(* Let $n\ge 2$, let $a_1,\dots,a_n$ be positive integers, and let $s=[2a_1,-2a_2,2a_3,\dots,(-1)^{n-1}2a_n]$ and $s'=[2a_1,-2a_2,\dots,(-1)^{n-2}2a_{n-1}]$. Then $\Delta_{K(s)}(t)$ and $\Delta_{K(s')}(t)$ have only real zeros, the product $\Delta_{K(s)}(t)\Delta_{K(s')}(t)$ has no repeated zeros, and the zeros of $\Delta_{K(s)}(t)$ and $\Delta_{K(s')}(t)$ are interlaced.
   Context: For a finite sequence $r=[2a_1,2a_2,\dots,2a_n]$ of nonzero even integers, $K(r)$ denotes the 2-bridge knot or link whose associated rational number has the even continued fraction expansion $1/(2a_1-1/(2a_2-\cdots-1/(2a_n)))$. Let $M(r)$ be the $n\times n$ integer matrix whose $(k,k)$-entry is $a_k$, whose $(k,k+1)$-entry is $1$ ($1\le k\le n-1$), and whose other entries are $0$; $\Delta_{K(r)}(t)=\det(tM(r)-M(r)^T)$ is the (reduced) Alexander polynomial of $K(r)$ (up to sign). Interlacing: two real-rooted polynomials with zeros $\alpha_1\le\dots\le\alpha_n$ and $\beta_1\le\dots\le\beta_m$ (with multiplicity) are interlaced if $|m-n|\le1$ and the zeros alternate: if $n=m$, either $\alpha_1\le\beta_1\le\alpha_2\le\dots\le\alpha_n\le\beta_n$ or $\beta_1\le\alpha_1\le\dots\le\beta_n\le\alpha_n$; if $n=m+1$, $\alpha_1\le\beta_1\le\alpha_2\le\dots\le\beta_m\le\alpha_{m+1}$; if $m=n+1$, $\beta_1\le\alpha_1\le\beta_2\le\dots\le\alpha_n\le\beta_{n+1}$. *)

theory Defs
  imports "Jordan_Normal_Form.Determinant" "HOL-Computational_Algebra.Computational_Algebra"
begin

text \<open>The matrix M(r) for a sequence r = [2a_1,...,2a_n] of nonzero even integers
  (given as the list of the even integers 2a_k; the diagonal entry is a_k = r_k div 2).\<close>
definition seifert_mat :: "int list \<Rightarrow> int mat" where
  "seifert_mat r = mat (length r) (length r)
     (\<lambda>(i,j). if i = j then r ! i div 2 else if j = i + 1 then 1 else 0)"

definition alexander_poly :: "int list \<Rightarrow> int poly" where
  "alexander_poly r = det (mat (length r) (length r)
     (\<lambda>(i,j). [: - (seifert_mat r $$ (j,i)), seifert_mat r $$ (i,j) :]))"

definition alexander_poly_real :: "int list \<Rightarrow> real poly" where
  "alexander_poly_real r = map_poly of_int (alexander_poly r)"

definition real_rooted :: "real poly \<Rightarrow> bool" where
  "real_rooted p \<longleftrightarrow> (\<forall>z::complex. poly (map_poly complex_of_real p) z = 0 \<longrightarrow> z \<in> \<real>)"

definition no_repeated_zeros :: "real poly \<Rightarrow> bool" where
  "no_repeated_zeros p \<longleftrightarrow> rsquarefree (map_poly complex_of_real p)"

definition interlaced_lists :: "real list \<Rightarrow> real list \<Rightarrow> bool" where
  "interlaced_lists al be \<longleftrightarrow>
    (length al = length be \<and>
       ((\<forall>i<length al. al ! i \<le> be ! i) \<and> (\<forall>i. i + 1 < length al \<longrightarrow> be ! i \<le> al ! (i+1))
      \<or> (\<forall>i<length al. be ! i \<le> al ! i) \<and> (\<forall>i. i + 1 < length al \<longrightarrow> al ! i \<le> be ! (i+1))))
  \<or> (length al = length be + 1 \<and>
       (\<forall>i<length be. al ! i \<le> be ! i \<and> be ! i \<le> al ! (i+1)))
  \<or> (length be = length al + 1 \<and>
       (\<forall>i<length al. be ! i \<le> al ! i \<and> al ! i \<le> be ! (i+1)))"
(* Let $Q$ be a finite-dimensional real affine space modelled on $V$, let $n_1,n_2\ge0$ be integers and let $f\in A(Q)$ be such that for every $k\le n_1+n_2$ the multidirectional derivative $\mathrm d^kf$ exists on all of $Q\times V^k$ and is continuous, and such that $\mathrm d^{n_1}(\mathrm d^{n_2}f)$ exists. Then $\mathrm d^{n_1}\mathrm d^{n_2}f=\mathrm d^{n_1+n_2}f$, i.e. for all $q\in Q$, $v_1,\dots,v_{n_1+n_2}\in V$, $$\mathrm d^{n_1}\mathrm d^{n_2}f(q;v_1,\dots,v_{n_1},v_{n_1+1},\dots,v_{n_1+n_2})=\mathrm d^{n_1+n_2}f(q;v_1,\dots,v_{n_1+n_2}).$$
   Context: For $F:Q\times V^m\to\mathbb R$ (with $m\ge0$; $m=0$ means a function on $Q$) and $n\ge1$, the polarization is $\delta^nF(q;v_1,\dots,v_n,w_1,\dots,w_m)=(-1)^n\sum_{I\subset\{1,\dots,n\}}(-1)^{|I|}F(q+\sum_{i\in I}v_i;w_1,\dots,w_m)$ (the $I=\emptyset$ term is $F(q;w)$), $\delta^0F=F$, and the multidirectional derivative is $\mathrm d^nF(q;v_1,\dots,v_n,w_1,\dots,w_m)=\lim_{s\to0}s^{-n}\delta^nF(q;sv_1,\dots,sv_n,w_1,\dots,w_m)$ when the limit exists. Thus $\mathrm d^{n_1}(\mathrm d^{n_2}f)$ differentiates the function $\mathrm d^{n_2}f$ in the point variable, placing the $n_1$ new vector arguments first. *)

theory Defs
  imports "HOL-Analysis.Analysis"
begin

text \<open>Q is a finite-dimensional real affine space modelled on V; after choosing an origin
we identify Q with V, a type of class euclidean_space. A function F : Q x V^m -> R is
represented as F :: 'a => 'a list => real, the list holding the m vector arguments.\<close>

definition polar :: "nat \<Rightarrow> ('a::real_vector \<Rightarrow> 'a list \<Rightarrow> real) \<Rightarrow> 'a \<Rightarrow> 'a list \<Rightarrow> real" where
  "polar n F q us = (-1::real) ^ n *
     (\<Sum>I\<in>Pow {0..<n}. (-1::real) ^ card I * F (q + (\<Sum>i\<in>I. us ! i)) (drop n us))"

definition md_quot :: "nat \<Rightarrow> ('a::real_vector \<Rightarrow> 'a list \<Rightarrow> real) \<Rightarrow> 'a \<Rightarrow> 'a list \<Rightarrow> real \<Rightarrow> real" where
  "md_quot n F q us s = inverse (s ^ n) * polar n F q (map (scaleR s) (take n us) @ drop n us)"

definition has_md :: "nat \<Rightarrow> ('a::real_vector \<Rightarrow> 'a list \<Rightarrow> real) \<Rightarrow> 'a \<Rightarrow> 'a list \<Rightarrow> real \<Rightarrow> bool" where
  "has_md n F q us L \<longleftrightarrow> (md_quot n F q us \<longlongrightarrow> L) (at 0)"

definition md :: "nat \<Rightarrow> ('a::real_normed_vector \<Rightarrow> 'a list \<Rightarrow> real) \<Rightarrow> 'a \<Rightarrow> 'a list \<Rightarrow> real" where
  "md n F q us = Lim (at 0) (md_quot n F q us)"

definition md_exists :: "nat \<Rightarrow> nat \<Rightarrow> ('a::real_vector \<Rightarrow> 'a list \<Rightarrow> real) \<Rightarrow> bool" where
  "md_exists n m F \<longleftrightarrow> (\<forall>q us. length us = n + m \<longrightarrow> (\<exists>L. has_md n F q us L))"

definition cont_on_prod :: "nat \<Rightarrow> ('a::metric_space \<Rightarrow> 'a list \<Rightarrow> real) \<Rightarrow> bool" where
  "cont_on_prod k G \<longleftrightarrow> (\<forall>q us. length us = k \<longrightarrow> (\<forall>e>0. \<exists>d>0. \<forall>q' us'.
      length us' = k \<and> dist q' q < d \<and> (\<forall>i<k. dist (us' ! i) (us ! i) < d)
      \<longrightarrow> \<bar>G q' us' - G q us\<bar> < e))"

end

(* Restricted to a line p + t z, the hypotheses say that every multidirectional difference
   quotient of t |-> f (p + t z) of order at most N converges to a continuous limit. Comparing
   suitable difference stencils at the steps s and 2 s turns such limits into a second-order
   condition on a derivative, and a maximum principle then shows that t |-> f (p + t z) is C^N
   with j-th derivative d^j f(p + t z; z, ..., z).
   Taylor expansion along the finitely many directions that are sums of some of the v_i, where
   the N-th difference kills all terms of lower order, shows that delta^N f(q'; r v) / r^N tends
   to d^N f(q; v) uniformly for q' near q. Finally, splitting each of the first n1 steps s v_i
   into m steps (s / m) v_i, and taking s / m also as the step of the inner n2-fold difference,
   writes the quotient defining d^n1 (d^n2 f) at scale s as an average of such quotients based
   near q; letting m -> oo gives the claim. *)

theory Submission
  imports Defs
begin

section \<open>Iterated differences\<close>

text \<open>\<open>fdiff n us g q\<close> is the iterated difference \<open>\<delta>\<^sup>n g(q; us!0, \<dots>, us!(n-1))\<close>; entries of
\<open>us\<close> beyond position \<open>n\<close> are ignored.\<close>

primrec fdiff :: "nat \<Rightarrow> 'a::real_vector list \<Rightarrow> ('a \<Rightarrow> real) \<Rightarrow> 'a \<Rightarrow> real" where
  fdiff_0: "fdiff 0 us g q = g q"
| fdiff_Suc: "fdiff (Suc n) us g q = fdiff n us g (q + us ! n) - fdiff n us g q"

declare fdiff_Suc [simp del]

▸ Task objective
Of all the entries above, repeat only the lines from the line that has "quotient of t" to the line that has "Taylor expansion along", both lines included, exactly.

▸ Solution to this exercise
   quotient of t |-> f (p + t z) of order at most N converges to a continuous limit. Comparing
   suitable difference stencils at the steps s and 2 s turns such limits into a second-order
   condition on a derivative, and a maximum principle then shows that t |-> f (p + t z) is C^N
   with j-th derivative d^j f(p + t z; z, ..., z).
   Taylor expansion along the finitely many directions that are sums of some of the v_i, where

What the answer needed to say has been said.